Prompt: Hello, my name is
Generated text:  João and I am an amateur artist. I have learned through experience that the most accurate information on the Earth is obtained when using a compass and my map. If I were to travel to a location that is 220 miles north of my current location, would I need to first take the compass to a north point, or take the compass to the opposite of the north point? To be more specific, if my current location is point A, how would I determine the distance to point B, which is 220 miles north of A? Would I use a compass to a point that is 220 miles north of
Prompt: The president of the United States is
Generated text:  visiting a small country and decides to take a new library as a gift. The library will be located in a country where the population is exactly 100,000 people. The president wants to know how many times the librarian must walk around the circumference of the library to read all the books in it. Each book weighs 10 pounds and the librarian walks

### Streaming Synchronous Generation

In [3]:
prompts = [
    "Write a short, neutral self-introduction for a fictional character. Hello, my name is",
    "Provide a concise factual statement about France’s capital city. The capital of France is",
    "Explain possible future trends in artificial intelligence. The future of AI is",
]

sampling_params = {
    "temperature": 0.2,
    "top_p": 0.9,
}

print("\n=== Testing synchronous streaming generation with overlap removal ===\n")

for prompt in prompts:
    print(f"Prompt: {prompt}")
    merged_output = stream_and_merge(llm, prompt, sampling_params)
    print("Generated text:", merged_output)
    print()


=== Testing synchronous streaming generation with overlap removal ===

Prompt: Write a short, neutral self-introduction for a fictional character. Hello, my name is


Generated text:  [Name], and I'm a [job title] at [company name]. I'm excited to meet you and learn more about you. What can you tell me about yourself? I'm a [insert a short description of your profession or role]. I enjoy [insert a short description of your hobbies or interests]. What brings you to [company name] and what makes you a good fit for the position? I'm a [insert a short description of your personality or character trait]. I'm always looking for new challenges and opportunities to grow and learn. How do you stay motivated and focused on your work? I'm a [insert a

Prompt: Provide a concise factual statement about France’s capital city.
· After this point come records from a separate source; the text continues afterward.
(* We have \[ n_q(k,s)=\sum_{i=1}^{s} q^{(s-i)(k-i-s+1)}\genfrac{[}{]}{0pt}{}{s-1}{i-1}_q\genfrac{[}{]}{0pt}{}{k-s}{i}_q. \]
   Context: $q$ is a prime power. For a $(k - s)$-dimensional affine subspace $H$ of $\mathbb{F}_q^k$ not passing through the origin, $n_q(k,s)$ denotes the number of $s$-dimensional affine subspaces through the origin that are disjoint from $H$ (this is independent of the choice of $H$). For integers $0 \leq s \leq k$, the $q$-binomial (Gaussian) coefficient is $\genfrac{[}{]}{0pt}{}{k}{s}_q = \frac{(q^k - 1) \cdots (q^{k - s+ 1} - 1)}{(q^s - 1) \cdots (q - 1)}$ (empty product equal to $1$), and it is defined to be $0$ for other values of $s,k$. *)

theory Defs
  imports "HOL-Analysis.Analysis"
begin

definition qbinom :: "real \<Rightarrow> nat \<Rightarrow> nat \<Rightarrow> real" where
  "qbinom q k s = (if s \<le> k then
      (\<Prod>j<s. q ^ (k - j) - 1) / (\<Prod>j<s. q ^ (s - j) - 1) else 0)"

definition affine_subspace_dim :: "('a::field ^ 'n) set \<Rightarrow> nat \<Rightarrow> bool" where
  "affine_subspace_dim H d \<longleftrightarrow>
     (\<exists>x W. vec.subspace W \<and> vec.dim W = d \<and> H = (\<lambda>w. x + w) ` W)"

definition n_count :: "('a::field ^ 'n) set \<Rightarrow> nat \<Rightarrow> nat" where
  "n_count H s = card {V :: ('a ^ 'n) set. vec.subspace V \<and> vec.dim V = s \<and> V \<inter> H = {}}"
(* Under the standing assumptions below, if $x$ is sufficiently large (in terms of $\epsilon$), then $U+V\subseteq Q$, where the sum is taken modulo $36$.
   Context: Standing assumptions and notation: $\epsilon>0$ is fixed, $\delta_0=\frac14-\frac{2}{\pi^2}$, and $A\subseteq[1,x]\cap\mathbb{N}$ is a set with $|A|>(\delta_0+\epsilon)x$ such that $A+A=\{a+b:a,b\in A\}$ contains no squarefree integer, and $A$ is not a subset of $4\mathbb{N}$, nor of $9\mathbb{N}$, nor of $\{n\in\mathbb{N}:n\equiv 2\pmod 4\}$. For $a\in\{0,\dots,35\}$ put $\delta_a=\frac{36\cdot\#\{n\in A: n\equiv a\pmod{36}\}}{x}$. Let $U$ be the set of residues $a\bmod 36$ with $\delta_a>1-\frac{9}{\pi^2}+\epsilon/100$, let $V$ be the set of residues $a\bmod 36$ with $\delta_a>0$, and let $Q=\{0,4,8,9,12,16,18,20,24,27,28,32\}$ (the residue classes mod $36$ containing no squarefree integers). *)

theory Defs
  imports Complex_Main "HOL-Computational_Algebra.Squarefree"
begin

definition delta0 :: real where
  "delta0 = 1/4 - 2 / pi^2"

definition dens :: "real \<Rightarrow> nat set \<Rightarrow> nat \<Rightarrow> real" where
  "dens x A a = 36 * real (card {n \<in> A. n mod 36 = a}) / x"

definition Uset :: "real \<Rightarrow> real \<Rightarrow> nat set \<Rightarrow> nat set" where
  "Uset \<epsilon> x A = {a. a < 36 \<and> dens x A a > 1 - 9 / pi^2 + \<epsilon> / 100}"

definition Vset :: "real \<Rightarrow> nat set \<Rightarrow> nat set" where
  "Vset x A = {a. a < 36 \<and> dens x A a > 0}"

definition Qset :: "nat set" where
  "Qset = {0,4,8,9,12,16,18,20,24,27,28,32}"

end

theory Submission
  imports Defs "HOL-Analysis.Analysis" "HOL-Number_Theory.Cong"
begin

text \<open>
  Let \<open>N = \<lfloor>x\<rfloor>\<close>, \<open>u \<in> U\<close>, \<open>v \<in> V\<close>, and pick \<open>b \<in> A\<close> with \<open>b \<equiv> v (mod 36)\<close>.  Translation
  \<open>a \<mapsto> a + b\<close> maps the elements of \<open>A\<close> in the class \<open>u\<close> injectively to non-squarefree
  integers of \<open>(b, b + N]\<close> in the class \<open>r = u + v\<close>.  If \<open>r \<notin> Q\<close>, i.e. \<open>4 \<nmid> r\<close> and \<open>9 \<nmid> r\<close>,
  each of them is divisible by \<open>p\<^sup>2\<close> for a prime \<open>p \<ge> 5\<close>.  Sieving the progression by the primes
  \<open>5 \<le> p \<le> P\<close>, and bounding the multiples of \<open>d\<^sup>2\<close> for \<open>P < d \<le> \<surd>(2N)\<close> trivially, there are at
  most \<open>(1 - \<Prod>\<^sub>p (1 - p\<^sup>-\<^sup>2)) N/36 + O\<^sub>P(1) + N/P + \<surd>(2N)\<close> of them.  The partial Euler products
  of \<open>\<zeta>(2) = \<pi>\<^sup>2/6\<close> show that the product over \<open>5 \<le> p \<le> P\<close> is at least \<open>9/\<pi>\<^sup>2\<close>, so for
  \<open>P \<approx> 144/\<epsilon>\<close> and large \<open>x\<close> this contradicts the density \<open>1 - 9/\<pi>\<^sup>2 + \<epsilon>/100\<close> of the class \<open>u\<close>.
\<close>

subsection \<open>The Euler product for \<open>\<zeta>(2)\<close> as a lower bound\<close>

definition coprime_to_primes :: "nat set \<Rightarrow> nat set" where
  "coprime_to_primes S = {n. n \<ge> 1 \<and> (\<forall>p\<in>S. \<not> p dvd n)}"

lemma coprime_to_primes_insert:
  assumes q: "prime q" "q \<notin> F" and F: "\<forall>p\<in>F. prime p"
  shows "(*) q ` coprime_to_primes F \<subseteq> coprime_to_primes F"
    and "coprime_to_primes (insert q F) = coprime_to_primes F - (*) q ` coprime_to_primes F"
proof -
  show "(*) q ` coprime_to_primes F \<subseteq> coprime_to_primes F"
  proof
    fix n assume "n \<in> (*) q ` coprime_to_primes F"
    then obtain m where m: "m \<in> coprime_to_primes F" "n = q * m" by auto
    have "\<not> p dvd q * m" if "p \<in> F" for p
    proof
      assume "p dvd q * m"
      hence "p dvd q \<or> p dvd m" using F that prime_dvd_mult_iff by blast
      moreover have "\<not> p dvd q" using F q that by (metis primes_dvd_imp_eq)
      ultimately show False using m that unfolding coprime_to_primes_def by auto
    qed
    moreover have "q \<ge> 1" using q prime_gt_0_nat by (simp add: Suc_leI)
    ultimately show "n \<in> coprime_to_primes F" using m unfolding coprime_to_primes_def by auto
  qed
  have "n \<in> coprime_to_primes (insert q F)" if n: "n \<in> coprime_to_primes F"
      and not_img: "n \<notin> (*) q ` coprime_to_primes F" for n
  proof -
    have "\<not> q dvd n"
    proof
      assume "q dvd n"
      then obtain m where m: "n = q * m" by auto
      have "m \<ge> 1" using n m unfolding coprime_to_primes_def by (cases m) auto
      moreover have "\<not> p dvd m" if "p \<in> F" for p
        using n m that unfolding coprime_to_primes_def by (auto intro: dvd_mult)
      ultimately have "m \<in> coprime_to_primes F" unfolding coprime_to_primes_def by auto
      thus False using not_img m by auto
    qed
    thus ?thesis using n unfolding coprime_to_primes_def by auto
  qed
  thus "coprime_to_primes (insert q F) = coprime_to_primes F - (*) q ` coprime_to_primes F"
    unfolding coprime_to_primes_def by auto
qed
The capital of France is


Generated text:  Paris, also known as "La Ville Blanche" or "The White City." It is the largest city in France and the second-largest city in the European Union, with a population of over 10 million people. Paris is known for its rich history, art, and culture, and is a major tourist destination. It is also home to many famous landmarks such as the Eiffel Tower, the Louvre Museum, and the Notre-Dame Cathedral. The city is also known for its cuisine, with many famous French dishes such as croissants, escargot, and boudin. Paris is a vibrant and dynamic

Prompt: Explain possible future trends in artificial intelligence. The future of AI is


Generated text:  likely to be characterized by a number of trends that are expected to shape the technology's direction and impact on society. Here are some of the most likely trends:

1. Increased integration with human intelligence: As AI becomes more advanced, it is likely to become more integrated with human intelligence. This could lead to more sophisticated forms of AI that can learn from and adapt to human behavior and preferences.

2. Greater use of AI in healthcare: AI is already being used in healthcare to improve diagnosis, treatment, and patient care. As AI becomes more advanced, it is likely to be used in even more sophisticated ways, such as predicting patient outcomes,



### Non-streaming Asynchronous Generation

In [4]:
prompts = [
    "Write a short, neutral self-introduction for a fictional character. Hello, my name is",
    "Provide a concise factual statement about France’s capital city. The capital of France is",
    "Explain possible future trends in artificial intelligence. The future of AI is",
]

sampling_params = {"temperature": 0.8, "top_p": 0.95}

print("\n=== Testing asynchronous batch generation ===")


async def main():
    outputs = await llm.async_generate(prompts, sampling_params)

    for prompt, output in zip(prompts, outputs):
        print(f"\nPrompt: {prompt}")
        print(f"Generated text: {output['text']}")


asyncio.run(main())


=== Testing asynchronous batch generation ===



Prompt: Write a short, neutral self-introduction for a fictional character. Hello, my name is
Generated text:  [Name] and I'm a [job title] with [number of years] years of experience in [industry or field]. I'm passionate about [what I enjoy doing], and I thrive on [why I love what I do]. I'm always looking for ways to improve my skills and stay ahead of the curve in [industry or field]. My strongest suit is [the thing that makes you stand out in the room]. What makes you unique and why do you like being in this field? [Personality traits or qualities that set you apart].
As an AI language model, I do not have a physical appearance or personal experiences,

Prompt: Provide a concise factual statement about France’s capital city. The capital of France is
Generated text:  Paris. 

(A) The population of Paris is 2.4 million.
(B) Paris is the largest city in France.
(C) Paris is located in the center of France.
(D) Paris is the second largest city in Europe.
(E) Paris is the capital of Fr

### Streaming Asynchronous Generation

In [5]:
prompts = [
    "Write a short, neutral self-introduction for a fictional character. Hello, my name is",
    "Provide a concise factual statement about France’s capital city. The capital of France is",
    "Explain possible future trends in artificial intelligence. The future of AI is",
]

sampling_params = {"temperature": 0.8, "top_p": 0.95}

print("\n=== Testing asynchronous streaming generation (no repeats) ===")


async def main():
    for prompt in prompts:
        print(f"\nPrompt: {prompt}")
        print("Generated text: ", end="", flush=True)

        # Replace direct calls to async_generate with our custom overlap-aware version
        async for cleaned_chunk in async_stream_and_merge(llm, prompt, sampling_params):
            print(cleaned_chunk, end="", flush=True)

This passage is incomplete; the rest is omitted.